Fundamental questions are: how does PvALF gain access to the phas promoter, and how does the ABA-stimulated signal transduction cascade activate transcription? An attractive possibility is that PvALF accesses the chromatin-constrained promoter upon displacement of histones during replication (12, 13). This concept is supported by the fact that DNA replication and endoreduplication are characteristic of bean embryogenesis where the phas gene is active (14). A role for DNA replication was further implicated by the observed decrease in de novo activation of the phas promoter by protein synthesis inhibitors in the presence of the replication inhibitors, aphidicolin and hydroxyurea (15). Analyses of Arabidopsis embryos during development revealed the presence of active DNA replication (16) concomitant with the initiation and accumulation of maturation-specific proteins. However, the current view pertaining to the mode of action of ABA is that it blocks cell division by preventing DNA replication and arresting the cell cycle at G₁/S (17). To address the role of DNA replication (or S phase progression) in PvALF- and ABA-mediated activation, we employed replication inhibitors and also assessed the effect of S phase arrest on MAT and LEA gene activation. Our results show that S phase progression is required for PvALF- and ABA-mediated promoter activation and is critical for accumulation of the ABA signal effector ABI5.

	EXPERIMENTAL PROCEDURES

TOP ABSTRACT INTRODUCTION EXPERIMENTAL PROCEDURES RESULTS DISCUSSION REFERENCES

 
Plasmid Construction—The PvAlf coding region (2.3 kb) was obtained by digesting pJIT-PvAlf (11) with SalI and SmaI. The released fragment was ligated to pTA7002 (18) that had been digested with SpeI, end-filled, and then digested with XhoI. The resulting construct, pGVG-PvAlf, yields glucocorticoid-inducible expression of PvALF. The PvAlf coding region was PCR-amplified to incorporate restriction sites for NcoI and SalI and was mobilized into pPCR-Script® (Amp) SK+ (Stratagene).

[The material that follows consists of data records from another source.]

lemma inner_RQQ: "RQQ a b \<bullet> RQQ c d = 4 * (a \<bullet> c) * (b \<bullet> d)"
proof -
  have "RQQ a b \<bullet> RQQ c d = (\<Sum>i\<in>UNIV. \<Sum>j\<in>UNIV. RQQ a b $ i $ j * RQQ c d $ i $ j)"
    by (simp add: inner_vec_def)
  also have "\<dots> = 4 * (a \<bullet> c) * (b \<bullet> d)"
    unfolding RQQ_def matrix_def inner_vec4 by (simp add: sum_4 axis_def) algebra
  finally show ?thesis .
qed

section \<open>Every rotation in SO(4) is some R_QQ(a,b)\<close>

definition quaternion_rotations :: "(real^4^4) set" where
  "quaternion_rotations = {RQQ a b | a b. a \<in> S3 \<and> b \<in> S3}"

lemma mem_S3 [simp]: "a \<in> S3 \<longleftrightarrow> norm a = 1"
  by (simp add: S3_def)

lemma RQQ_in_quaternion_rotations:
  "norm a = 1 \<Longrightarrow> norm b = 1 \<Longrightarrow> RQQ a b \<in> quaternion_rotations"
  by (auto simp: quaternion_rotations_def)

lemma SO4_mult: "A \<in> SO4 \<Longrightarrow> B \<in> SO4 \<Longrightarrow> A ** B \<in> SO4"
  by (simp add: SO4_def orthogonal_matrix_mul det_mul)

lemma quaternion_rotations_subset_SO4: "quaternion_rotations \<subseteq> SO4"
  by (auto simp: quaternion_rotations_def RQQ_in_SO4)

lemma quaternion_rotations_cancel_left:
  assumes "G \<in> quaternion_rotations" "G ** A \<in> quaternion_rotations"
  shows "A \<in> quaternion_rotations"
proof -
  obtain a b c d where units: "norm a = 1" "norm b = 1" "norm c = 1" "norm d = 1"
    and G: "G = RQQ a b" and GA: "G ** A = RQQ c d"
    using assms by (auto simp: quaternion_rotations_def)
  have "A = RQQ (qconj a) (qconj b) ** (G ** A)"
    by (simp add: G matrix_mul_assoc RQQ_qconj_mult units)
  also have "\<dots> = RQQ (qmult (qconj a) c) (qmult d (qconj b))"
    by (simp add: GA RQQ_mult)
  finally show ?thesis
    using units by (simp add: RQQ_in_quaternion_rotations norm_qmult)
qed
text \<open>\<open>N(\<alpha> + i\<beta>) = N(\<alpha>) - \<pi>N(\<beta>)\<close>, and the two summands never have equal absolute value.\<close>
lemma abs_qnorm:
  "absk (qnorm p dl (Q a b c d)) = max (lnorm a c ^ 2) (absk p * lnorm b d ^ 2)"
proof -
  have qn: "qnorm p dl (Q a b c d) = (a ^ 2 - dl * c ^ 2) + - (p * (b ^ 2 - dl * d ^ 2))"
    by (simp add: qnorm_def algebra_simps)
  have alpha: "absk (a ^ 2 - dl * c ^ 2) = lnorm a c ^ 2"
    and beta: "absk (- (p * (b ^ 2 - dl * d ^ 2))) = absk p * lnorm b d ^ 2"
    by (simp_all add: abs_norm_eq_lnorm_sq)
  show ?thesis
  proof (cases "lnorm a c ^ 2 = absk p * lnorm b d ^ 2")
    case False
    have "absk (qnorm p dl (Q a b c d))
        = max (absk (a ^ 2 - dl * c ^ 2)) (absk (- (p * (b ^ 2 - dl * d ^ 2))))"
      unfolding qn by (rule abs_add_eq_max) (simp only: alpha beta False not_False_eq_True)
    then show ?thesis by (simp only: alpha beta)
  next
    case True
    obtain u v where u: "lnorm a c = absk u" and v: "lnorm b d = absk v"
      by (meson lnorm_value)
    have "absk u ^ 2 = absk p * absk v ^ 2"
      using True u v by simp
    then have beta0: "lnorm b d = 0"
      using v square_eq_p_mult_square_imp_zero by simp
    with True have alpha0: "lnorm a c = 0" by simp
    have "max (lnorm a c ^ 2) (absk p * lnorm b d ^ 2) = 0"
      using alpha0 beta0 by simp
    moreover have "absk (qnorm p dl (Q a b c d)) \<le> max (lnorm a c ^ 2) (absk p * lnorm b d ^ 2)"
      using abs_add_le_max[of "a ^ 2 - dl * c ^ 2" "- (p * (b ^ 2 - dl * d ^ 2))"]
      unfolding qn [symmetric] alpha beta .
    ultimately show ?thesis
      using abs_nonneg[of "qnorm p dl (Q a b c d)"] by linarith
  qed
qed

lemma lnorm_coords_if_abs_qnorm_eq_p:
  assumes "absk (qnorm p dl (Q a b c d)) = absk p"
  shows "lnorm a c \<le> absk p" and "lnorm b d \<le> 1"
proof -
  have "lnorm a c ^ 2 < 1" and "absk p * lnorm b d ^ 2 \<le> absk p * 1"
    using assms abs_p_less_one unfolding abs_qnorm by auto
  then show "lnorm a c \<le> absk p" and "lnorm b d \<le> 1"
    using lnorm_nonneg abs_p_pos
    by (auto intro: lnorm_less_one_imp_le_p simp: power_less_one_iff power_le_one_iff)
qed

lemma lnorm_coords_if_abs_qnorm_eq_1:
  assumes "absk (qnorm p dl (Q a b c d)) = 1"
  shows "lnorm a c \<le> 1" and "lnorm b d \<le> 1"
proof -
  have "lnorm a c ^ 2 \<le> 1" and "absk p * lnorm b d ^ 2 \<le> 1"
    using assms unfolding abs_qnorm by auto
  then show "lnorm a c \<le> 1" and "lnorm b d \<le> 1"
    using lnorm_nonneg by (auto intro: lnorm_le_one_if_p_mult_square_le_one simp: power_le_one_iff)
qed

lemma abs_qnorm_le_p_squared:
  assumes "lnorm a c \<le> absk p" and "lnorm b d \<le> absk p"
  shows "absk (qnorm p dl (Q a b c d)) \<le> absk p ^ 2"
proof -
  have "lnorm a c ^ 2 \<le> absk p ^ 2"
    using assms(1) lnorm_nonneg by (rule power_mono)
  moreover have "absk p * lnorm b d ^ 2 \<le> absk p * absk p ^ 2"
    using assms(2) lnorm_nonneg abs_p_pos by (simp add: power_mono)
  moreover have "absk p * absk p ^ 2 \<le> absk p ^ 2"
    using abs_p_less_one by (simp add: mult_left_le_one_le)
  ultimately show ?thesis
    unfolding abs_qnorm by simp
qed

Subsequently, the PvAlf coding region was released by partial digestion with NcoI followed by complete digestion with SalI and ligated to NcoI-SalI-digested vector pET-30(a) (Novagen) to obtain PvAlf/pET. Mobilization of the PvAlf region into pET-30(a) confers a His₆ tag and an S-tag to PvALF upon translation (HisSPvALF). The 2.4-kb HisSPvAlf region was PCR-amplified to introduce restriction sites for AscI and PacI, and the PCR product was mobilized into pPCR-Script®. The HisSPvAlf fragment was then released using AscI and PacI and ligated to AscI-PacI-digested vector pER8 (19). The resulting construct, pXVE-HisSPvAlf, yields the estrogen-inducible expression of PvALF in plants.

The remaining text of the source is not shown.